Texas is set to become the largest state in the nation to mandate that every public school classroom display a copy of the Ten Commandments, with advocates fearing a further erosion of church and state and the legislation’s sponsor making clear that’s a separation she doesn’t believe in.
While Gov. Greg Abbott (R) has not yet signed the measure, which comes as red states are increasingly seeking to inject Christianity into public education, he told lawmakers in early May to “get this bill to my desk. I’ll make it law.”
Under the legislation, beginning September 1, every school in Texas will be required to display a 16 inch by 20 inch poster of the Ten Commandments. While they won’t be required to buy them with district funds, they will be required to display them if donated.
The legislation also effectively creates an official state version of the Ten Commandments, because only one specific iteration meets the new statute: a King James Bible-derived list of “Thou shalt nots” that is used by many Baptists and evangelicals but not by a majority of Catholics, Jews, protestants or Eastern Orthodox Christians.
Critics argue the bill is a clear violation of the Establishment Clause of the First Amendment, which prohibits the federal government from creating a state religion.
The American Civil Liberties Union of Texas on Wednesday announced it would sue.
“S.B. 10 is blatantly unconstitutional. We will be working with Texas public school families to prepare a lawsuit to stop this violation of students’ and parents’ First Amendment rights,” the ACLU wrote, calling the measure “religiously coercive.”
Supporters of the bill, meanwhile, appeal to a letter from Thomas Jefferson which seems to leave open the possibility of state regulation of religion, though so far, courts haven’t agreed: A similar bill in Louisiana was blocked in November after being ruled unconstitutional by a federal judge.
The Texas bill is one of a broad array of public policy proposals pushed by an alliance of groups that seek a broader role for evangelical Christianity in public life. A prior state measure, passed in 2021, required schools to display “in God we Trust” placards in every classroom.
Neighboring Arkansas passed its own Ten Commandments bill in April.
In a nod to the legal risks, amendments to the Texas measure require the state attorney general, currently Republican Ken Paxton, to defend at state expense any school district sued over compliance.

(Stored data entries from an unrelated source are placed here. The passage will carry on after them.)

lemma barrier_residual_mono:
  fixes \<sigma> l0 l1 g0 g1 t :: real
  assumes \<sigma>: "\<sigma> \<ge> 0" and l0: "l0 \<ge> 0" and l1: "l1 \<ge> 0" and g0: "g0 \<in> {0..1}" and g1: "g1 \<in> {0..1}"
  defines "a \<equiv> \<sigma> - l0 * g0" and "c \<equiv> l1 * g1"
  shows "mono_on {0..1} (\<lambda>x. residual \<sigma> l0 l1 g0 g1 (barrier a c) (barrier_dx a c) (barrier_dt a c) x t)"
proof -
  define b where "b = exp (- a * t)"
  define A where "A x = l1 * g1 * ln (1 - x + b) + l1 * (ln (1 - (x - g1 * x) + b) - ln (1 - x + b))" for x
  define B where "B x = (\<sigma> - l0 * g0) * b / (1 - x + b) + \<sigma> * (1 - x) * x / (1 - x + b)
    + l0 * (ln (1 - (x + g0 * (1 - x)) + b) - ln (1 - x + b))" for x
  have A: "mono_on {0..1} A" and B: "mono_on {0..1} B"
    unfolding A_def B_def b_def using assms
    by (intro barrier_jump_down_terms_mono barrier_drift_jump_up_terms_mono; simp)+
  have residual_eq: "residual \<sigma> l0 l1 g0 g1 (barrier a c) (barrier_dx a c) (barrier_dt a c) x t
      = 2 * exp (- c * t) * (A x + B x)" if "x \<le> 1" for x
  proof -
    define E where "E = exp (- c * t)"
    define q where "q = 1 - x + b"
    have "q \<noteq> 0"
      using barrier_denom_pos[OF that, of a t] by (simp add: q_def b_def)
    then show ?thesis
      unfolding residual_def jump_terms_def barrier_def barrier_dx_def barrier_dt_def A_def B_def
        E_def[symmetric] b_def[symmetric] a_def[symmetric] c_def[symmetric] q_def[symmetric]
      by (simp add: field_simps)
  qed
  show ?thesis
  proof (rule monotone_onI)
    fix x y :: real assume "x \<in> {0..1}" "y \<in> {0..1}" "x \<le> y"
    then have "A x + B x \<le> A y + B y"
      using monotone_onD[OF A] monotone_onD[OF B] by (simp add: add_mono)
    with \<open>x \<in> {0..1}\<close> \<open>y \<in> {0..1}\<close> show "residual \<sigma> l0 l1 g0 g1 (barrier a c) (barrier_dx a c) (barrier_dt a c) x t
        \<le> residual \<sigma> l0 l1 g0 g1 (barrier a c) (barrier_dx a c) (barrier_dt a c) y t"
      by (simp add: residual_eq)
  qed
qed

This week, the Texas legislature also passed a bill permitting prayer in public schools and stripping language that forbids teachers from “encouraging” students to participate.
That measure also obligates the office of the state attorney general to help schools set up a prayer program, and — like the Ten Commandments bill — to defend any legal challenges to it at public expense.
During debates over passage, bill sponsor state Rep. Candy Noble insisted that it was not a religious measure but meant to instruct students about the historical importance she says the Ten Commandments hold in American democracy.
“This bill is about honoring our historical educational and judicial heritage with the discipline of the Ten Commandments,” Noble said in a Sunday exchange with Rep. James Talarico (D), a self-described evangelical who opposed the bill.
Over the past two months, Talarico and Noble’s verbal duels over the bill have served as an intra-evangelical debate over the role of Christianity in public life.
“We established that our founding fathers wanted a separation of church and state,” Talarico began in one April committee hearing, before Noble cut him off.
“I did not establish that,” she said. “I absolutely did not establish that. That’s a historical fact that I disagree with.”
In his opposition to the bill, Talarico repeatedly argued that displaying the Ten Commandments was itself a religious violation: a contradiction of St. Paul’s dictum in Romans that all the commandments could be “summed up in this sentence, ‘You shall love your neighbor as yourself.”
He argued it was not neighborly to signal to Jews, Muslims, Hindus or members of other Christian denominations that they didn’t belong.
That’s a read Noble emphatically pushed back on. If these people were Americans, she said, “maybe it would make them curious about what made our forefathers tick. Maybe it will help them wonder ‘How can I treat others better? Maybe it will help them ask their parents questions on ‘Why should I be under your authority?’
“Maybe we can take that tack with it instead of the negative tack that you’re taking with it,” she added.
In debates over the bill, Noble repeatedly argued that “our classrooms are crying out for moral guidance,” though she went back and forth on whether teachers would be required to interpret the Ten Commandments for students.
In a viral moment from the debate, Talarico pressed her on why representatives were working over the weekend — the Jewish and Christian Sabbaths — in violation of the Fourth Commandment.
“Is that ironic or what?” Noble asked, before explaining the importance of God’s decision to take a day of rest, and contending that Talarico’s own opposition to the bill had pushed debate to the weekend.
“Do you think that members of the legislature should focus more on trying to follow the Ten Commandments rather than telling others to follow them?” Talarico asked.
“It is incumbent on all of us to follow God’s law,” Noble said. “And I think that we would be better off if we did.”